Obviously, I can trigger these directly from my computer, but I’d like to explore another workflow and :
create sequences on machines
alter them (not real time) with my computer
send them back and play (without the computer. I mean with machines standalone)
Nope.
I guess you could create midi sequences in your DAW and then record the incoming data on to the elektron sequencer, but no way to edit the sequencer data directly from a computer.
I seem to remember back in the very early announcements of overbridge, that they said a “pattern editor” would be integrated, but they haven’t mentioned it again since, so I’m guessing it has been dropped. At least until they can sort out the sample transfer business.
thanks for your answer.
I’d like to know how the dumped data of presets/pattern is coded. maybe that wouldn’t be hard to create a midi seq to elektron machines seq converter. @void I’m interested.
it’s complicated; a midi sequence can contain a ton of info which wouldn’t fit into an Elektron step sequencer. The easiest way is to simply play a midi sequence into the machine and record it, that way the Elektron machine handles the job of what midi to keep and how to interpret it. Really, making a thing which would try and faithfully reproduce a given midi sequence as an Elektron pattern would be 100% waste of time.
The other way around, exporting a midi sequence based on an Elektron machine pattern, is easier. I’ve done it (but haven’t released it), but even this isn’t possible to do perfectly - trig conditions simply cannot be properly encoded in a midi sequence. You can loop a pattern a bunch of times & have conditional trigs do their thing differently on each loop iteration, but in the end you’ll end up with a static sequence. The result is always somehow not satisfactory, that’s why no release from me.

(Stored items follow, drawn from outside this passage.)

(* For every positive integer $n$, \[ q(n) = L+\sum_{k=1}^\infty (-1)^{k+1} \Big( q\Big( \frac{2n-P_{5,k}}{2}\Big) +q\Big( \frac{2n-Q_{5,k}}{2}\Big) \Big), \] where $P_{5,k}=\frac{k(3k-1)}{2}$, $Q_{5,k}=\frac{k(3k+1)}{2}$, and \[ L = \begin{cases} -1, &\text{if } 2n=\Delta_{4k+1}\text{ or } 2n=\Delta_{4k+2}\text{ for some }k\in\mathbb{N}_0, \\ 1, &\text{if } 2n=\Delta_{4k+3}\text{ or }2n=\Delta_{4k+4}\text{ for some }k\in\mathbb{N}_0, \\ 0, & \text{otherwise.} \end{cases} \]
   Context: $q(n)$ is the number of partitions of $n$ into distinct parts, with $q(0)=1$, and $q(x)=0$ for every rational $x\notin\mathbb{N}_0$ (in particular for non-integers and negative numbers). $\Delta_m=\frac{m(m+1)}{2}$ is the $m$-th triangular number. *)

theory Defs
  imports Complex_Main
begin

text \<open>Number of partitions of n into distinct parts: finite sets of positive
  integers summing to n (each such set is a subset of {1..n}).\<close>
definition qd :: "nat \<Rightarrow> nat" where
  "qd n = card {A :: nat set. A \<subseteq> {1..n} \<and> \<Sum>A = n}"

definition q :: "rat \<Rightarrow> nat" where
  "q x = (if x \<in> \<int> \<and> x \<ge> 0 then qd (nat \<lfloor>x\<rfloor>) else 0)"

definition tri :: "nat \<Rightarrow> nat" where
  "tri m = m * (m + 1) div 2"

definition P5 :: "nat \<Rightarrow> rat" where
  "P5 k = of_nat k * (3 * of_nat k - 1) / 2"

definition Q5 :: "nat \<Rightarrow> rat" where
  "Q5 k = of_nat k * (3 * of_nat k + 1) / 2"

definition Lterm :: "nat \<Rightarrow> int" where
  "Lterm n = (if \<exists>k. 2 * n = tri (4*k+1) \<or> 2 * n = tri (4*k+2) then -1
              else if \<exists>k. 2 * n = tri (4*k+3) \<or> 2 * n = tri (4*k+4) then 1
              else 0)"

end

theory Submission
  imports Defs "HOL-Computational_Algebra.Formal_Power_Series"
begin

(*
  With D(x) = prod_k (1 + x^(2k)) = sum_n q(n) x^(2n), the factorisation
  (1 + x^(2k)) (1 - x^(2k)) = 1 - x^(4k) gives
    D(x) prod_k (1 - x^k) = prod_k (1 - x^(4k)) (1 - x^(4k-1)) (1 - x^(4k-3)).
  The Jacobi triple product expands the left factor prod_k (1 - x^k) into
  Euler's pentagonal series sum_j (-1)^j x^(j(3j+1)/2) and the right-hand side
  into sum_j (-1)^j x^(2j^2+j) = sum_m (-1)^ceil(m/2) x^(Delta_m).  Comparing the
  coefficients of x^(2n) gives the identity, the pentagonal numbers j(3j+1)/2
  being Q_(5,j) for j > 0 and P_(5,-j) for j < 0.
  Everything is done with finite products: the triple product is proved in
  Cauchy's finite form with Gaussian binomial coefficients, which agrees with
  the infinite product modulo x^(n+1).
*)

section \<open>Gaussian binomial coefficients\<close>

(* gauss_binom r a b is the Gaussian binomial coefficient [a + b, a] in r. *)
fun gauss_binom :: "'a::comm_ring_1 \<Rightarrow> nat \<Rightarrow> nat \<Rightarrow> 'a" where
  "gauss_binom r 0 b = 1"
| "gauss_binom r (Suc a) 0 = 1"
| "gauss_binom r (Suc a) (Suc b) = gauss_binom r a (Suc b) + r ^ Suc a * gauss_binom r (Suc a) b"

declare gauss_binom.simps(3) [simp del]

lemma gauss_binom_0_right [simp]: "gauss_binom r a 0 = 1"
  by (cases a) auto

lemma gauss_binom_1_right: "gauss_binom r a 1 = (\<Sum>i\<le>a. r ^ i)"
  by (induction a) (auto simp: gauss_binom.simps(3)[of r _ 0, simplified])

lemma gauss_binom_1_left: "gauss_binom r 1 b = (\<Sum>i\<le>b. r ^ i)"
proof (induction b)
  case (Suc b)
  have "gauss_binom r 1 (Suc b) = 1 + r * gauss_binom r 1 b"
    by (simp add: numeral_eq_Suc gauss_binom.simps(3))
  also have "\<dots> = (\<Sum>i\<le>Suc b. r ^ i)"
    using Suc by (simp add: sum_distrib_left sum.atMost_Suc_shift del: sum.atMost_Suc)
  finally show ?case .
qed simp

lemma gauss_binom_shift:
  "(1 - r ^ Suc a) * gauss_binom r (Suc a) b = (1 - r ^ Suc b) * gauss_binom r a (Suc b)"
proof (induction r a b rule: gauss_binom.induct)
  case (1 r b)
  then show ?case
    using gauss_binom_1_left[of r b] sum_gp_basic[of r b] by (simp add: mult.commute)
next
  case (2 r a)
  then show ?case
    using gauss_binom_1_right[of r "Suc a"] sum_gp_basic[of r "Suc a"] by (simp add: mult.commute)
next
  case (3 r a b)
  let ?c = "1 - r ^ Suc (Suc (Suc (a + b)))"
  have "(1 - r ^ Suc (Suc a)) * gauss_binom r (Suc (Suc a)) (Suc b)
      = (1 - r ^ Suc (Suc a)) * gauss_binom r (Suc a) (Suc b)
        + r ^ Suc (Suc a) * ((1 - r ^ Suc (Suc a)) * gauss_binom r (Suc (Suc a)) b)"
    by (simp only: gauss_binom.simps(3)[of r "Suc a" b]) (simp add: algebra_simps)
  also have "\<dots> = (1 - r ^ Suc (Suc a)) * gauss_binom r (Suc a) (Suc b)
        + r ^ Suc (Suc a) * ((1 - r ^ Suc b) * gauss_binom r (Suc a) (Suc b))"
    using 3(2) by simp
  also have "\<dots> = ?c * gauss_binom r (Suc a) (Suc b)"
    by (simp add: algebra_simps power_add)
  finally have left: "(1 - r ^ Suc (Suc a)) * gauss_binom r (Suc (Suc a)) (Suc b)
      = ?c * gauss_binom r (Suc a) (Suc b)" .
  have "(1 - r ^ Suc (Suc b)) * gauss_binom r (Suc a) (Suc (Suc b))
      = (1 - r ^ Suc (Suc b)) * gauss_binom r a (Suc (Suc b))
        + r ^ Suc a * ((1 - r ^ Suc (Suc b)) * gauss_binom r (Suc a) (Suc b))"
    by (simp only: gauss_binom.simps(3)[of r a "Suc b"]) (simp add: algebra_simps)
  also have "\<dots> = (1 - r ^ Suc a) * gauss_binom r (Suc a) (Suc b)
        + r ^ Suc a * ((1 - r ^ Suc (Suc b)) * gauss_binom r (Suc a) (Suc b))"
    using 3(1) by simp
  also have "\<dots> = ?c * gauss_binom r (Suc a) (Suc b)"
    by (simp add: algebra_simps power_add)
  finally show ?case using left by simp
qed

lemma gauss_binom_Suc_Suc':
  "gauss_binom r (Suc a) (Suc b) = r ^ Suc b * gauss_binom r a (Suc b) + gauss_binom r (Suc a) b"
  using gauss_binom.simps(3)[of r a b] gauss_binom_shift[of r a b] by (simp add: algebra_simps)

lemma gauss_binom_sym: "gauss_binom r a b = gauss_binom r b a"
proof (induction r a b rule: gauss_binom.induct)
  case (3 r a b)
  then show ?case
    using gauss_binom_Suc_Suc'[of r b a] by (simp add: add.commute gauss_binom.simps(3))
qed simp_all

definition qpoch :: "'a::comm_ring_1 \<Rightarrow> nat \<Rightarrow> 'a" where
  "qpoch r n = (\<Prod>k<n. 1 - r ^ Suc k)"

lemma gauss_binom_mult_qpoch:
  "gauss_binom r a b * qpoch r b = (\<Prod>i<b. 1 - r ^ (Suc a + i))"
proof (induction b arbitrary: a)
  case 0
  then show ?case by (simp add: qpoch_def)
next
  case (Suc b)
  have "gauss_binom r a (Suc b) * qpoch r (Suc b)
      = ((1 - r ^ Suc b) * gauss_binom r a (Suc b)) * qpoch r b"
    by (simp add: qpoch_def algebra_simps)
  also have "\<dots> = (1 - r ^ Suc a) * (gauss_binom r (Suc a) b * qpoch r b)"
    by (simp only: gauss_binom_shift[symmetric] mult.assoc)
  also have "\<dots> = (\<Prod>i<Suc b. 1 - r ^ (Suc a + i))"
    by (simp add: Suc prod.lessThan_Suc_shift del: prod.lessThan_Suc)
  finally show ?case .
qed

lemma gauss_binom_Suc_Suc_three_term:
  "gauss_binom r (Suc a) (Suc b) = gauss_binom r a b * (1 + r ^ (a + b + 1))
     + r ^ (b + 1) * (if a = 0 then 0 else gauss_binom r (a - 1) (b + 1))
     + r ^ (a + 1) * (if b = 0 then 0 else gauss_binom r (a + 1) (b - 1))"
proof -
  have "gauss_binom r a (Suc b)
      = r ^ (b + 1) * (if a = 0 then 0 else gauss_binom r (a - 1) (b + 1)) + gauss_binom r a b"
    by (cases a) (simp_all add: gauss_binom_Suc_Suc')
  moreover have "gauss_binom r (Suc a) b
      = r ^ b * gauss_binom r a b + (if b = 0 then 0 else gauss_binom r (a + 1) (b - 1))"
    by (cases b) (simp_all add: gauss_binom_Suc_Suc')
  ultimately show ?thesis
    by (simp add: gauss_binom.simps(3) algebra_simps power_add)
qed

definition gauss_binom_int :: "'a::comm_ring_1 \<Rightarrow> int \<Rightarrow> int \<Rightarrow> 'a" where
  "gauss_binom_int r a b = (if a < 0 \<or> b < 0 then 0 else gauss_binom r (nat a) (nat b))"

That said, editing sequences computationally is the bees knees, I do it a lot
(but I don’t have it in a form in which I would release it)
The Elektron sequencers come with many control parameters, 100 at least … to get this into a software means, to get all those options covered and working perfectly stable. It would be a big efford to implement all of this. Who will do this? Who will use it?
if you know programming (patching with max, or most advanced), you know that keeping more than 100 values stable and working perfectly and in real-time is not … complicated.
Personally, I often use hybrid workflow.
Working only with computer or only with machines is not ok for me.
For instance, creating a basic sequence algorithmically, dump only note on position into a preset (I don’t currently know the terminology in elektron machines world) and use it on stage could be nice. Especially because of microtiming edition etc.
Could someone send me a file including a sequence/pattern/or so from a rytm2 or digitakt ? just for checking
I’ve got a hybrid setup that seems to be working for me just now, as follows:
midi controller > OT midi in
OT midi out > laptop midi in
laptop midi out > midi splitter > synths
So I can use the OT sequencer or the midi keyboard to sequence/trigger my synths, but I can also record the same midi into Ableton and edit it further before it hits the sound modules. This gives me a bit more flexibility when it comes to arranging, which I find a bit tedious to do on the OT alone. So it’s acting as a midi hub and idea generator more than anything.